INSTRUCTIONS FOR THE TASK. Look through the listing below and report every line that contains "assms".

DATA RECORDS.
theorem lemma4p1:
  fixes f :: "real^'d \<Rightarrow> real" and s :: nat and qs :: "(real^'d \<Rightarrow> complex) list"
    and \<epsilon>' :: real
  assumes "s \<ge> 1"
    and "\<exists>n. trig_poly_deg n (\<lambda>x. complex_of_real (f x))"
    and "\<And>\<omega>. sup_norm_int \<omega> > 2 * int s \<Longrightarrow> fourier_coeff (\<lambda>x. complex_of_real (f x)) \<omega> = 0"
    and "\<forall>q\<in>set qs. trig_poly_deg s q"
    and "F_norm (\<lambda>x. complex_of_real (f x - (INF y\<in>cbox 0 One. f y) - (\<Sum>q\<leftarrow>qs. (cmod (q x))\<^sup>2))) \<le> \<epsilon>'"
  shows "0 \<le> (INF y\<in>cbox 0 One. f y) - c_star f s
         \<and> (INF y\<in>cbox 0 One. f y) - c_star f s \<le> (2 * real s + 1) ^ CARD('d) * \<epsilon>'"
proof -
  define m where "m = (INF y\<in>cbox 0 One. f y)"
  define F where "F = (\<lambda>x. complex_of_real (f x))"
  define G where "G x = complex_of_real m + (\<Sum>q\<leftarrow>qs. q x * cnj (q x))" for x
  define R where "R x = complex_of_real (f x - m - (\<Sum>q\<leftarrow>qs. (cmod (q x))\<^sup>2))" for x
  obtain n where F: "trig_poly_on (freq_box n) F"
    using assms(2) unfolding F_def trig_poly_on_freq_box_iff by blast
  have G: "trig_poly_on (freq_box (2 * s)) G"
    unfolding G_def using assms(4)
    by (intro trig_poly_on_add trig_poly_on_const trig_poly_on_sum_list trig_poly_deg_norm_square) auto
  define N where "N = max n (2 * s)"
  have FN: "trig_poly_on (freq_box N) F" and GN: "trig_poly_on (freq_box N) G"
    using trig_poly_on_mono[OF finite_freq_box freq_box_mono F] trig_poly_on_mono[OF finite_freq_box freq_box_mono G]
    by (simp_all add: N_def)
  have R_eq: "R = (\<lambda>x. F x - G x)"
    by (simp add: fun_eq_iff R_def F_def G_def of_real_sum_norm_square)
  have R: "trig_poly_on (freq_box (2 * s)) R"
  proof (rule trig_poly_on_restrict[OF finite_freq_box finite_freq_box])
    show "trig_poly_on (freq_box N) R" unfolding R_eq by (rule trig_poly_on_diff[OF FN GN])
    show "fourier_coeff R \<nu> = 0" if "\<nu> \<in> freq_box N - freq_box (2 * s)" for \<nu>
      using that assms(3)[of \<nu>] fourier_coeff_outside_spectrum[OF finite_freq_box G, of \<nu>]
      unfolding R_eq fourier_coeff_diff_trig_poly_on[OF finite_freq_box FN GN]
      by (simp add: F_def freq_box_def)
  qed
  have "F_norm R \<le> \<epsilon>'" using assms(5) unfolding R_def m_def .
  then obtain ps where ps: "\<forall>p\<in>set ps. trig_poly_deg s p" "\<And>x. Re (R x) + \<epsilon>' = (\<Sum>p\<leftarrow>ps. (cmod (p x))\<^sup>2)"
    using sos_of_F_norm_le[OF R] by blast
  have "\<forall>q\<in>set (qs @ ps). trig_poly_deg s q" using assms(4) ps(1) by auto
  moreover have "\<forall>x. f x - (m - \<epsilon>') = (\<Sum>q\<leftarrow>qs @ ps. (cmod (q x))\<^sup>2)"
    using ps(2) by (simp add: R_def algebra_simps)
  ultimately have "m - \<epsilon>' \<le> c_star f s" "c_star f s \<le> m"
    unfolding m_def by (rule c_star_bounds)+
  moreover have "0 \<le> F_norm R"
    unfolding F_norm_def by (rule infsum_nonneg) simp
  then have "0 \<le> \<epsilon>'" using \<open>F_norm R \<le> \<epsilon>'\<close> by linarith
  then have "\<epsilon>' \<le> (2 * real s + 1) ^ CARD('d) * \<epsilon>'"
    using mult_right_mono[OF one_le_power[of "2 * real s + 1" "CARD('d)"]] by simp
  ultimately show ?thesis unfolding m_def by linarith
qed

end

THE COMPLETED TASK.
    using assms(2) unfolding F_def trig_poly_on_freq_box_iff by blast
    unfolding G_def using assms(4)
      using that assms(3)[of \<nu>] fourier_coeff_outside_spectrum[OF finite_freq_box G, of \<nu>]
  have "F_norm R \<le> \<epsilon>'" using assms(5) unfolding R_def m_def .
  have "\<forall>q\<in>set (qs @ ps). trig_poly_deg s q" using assms(4) ps(1) by auto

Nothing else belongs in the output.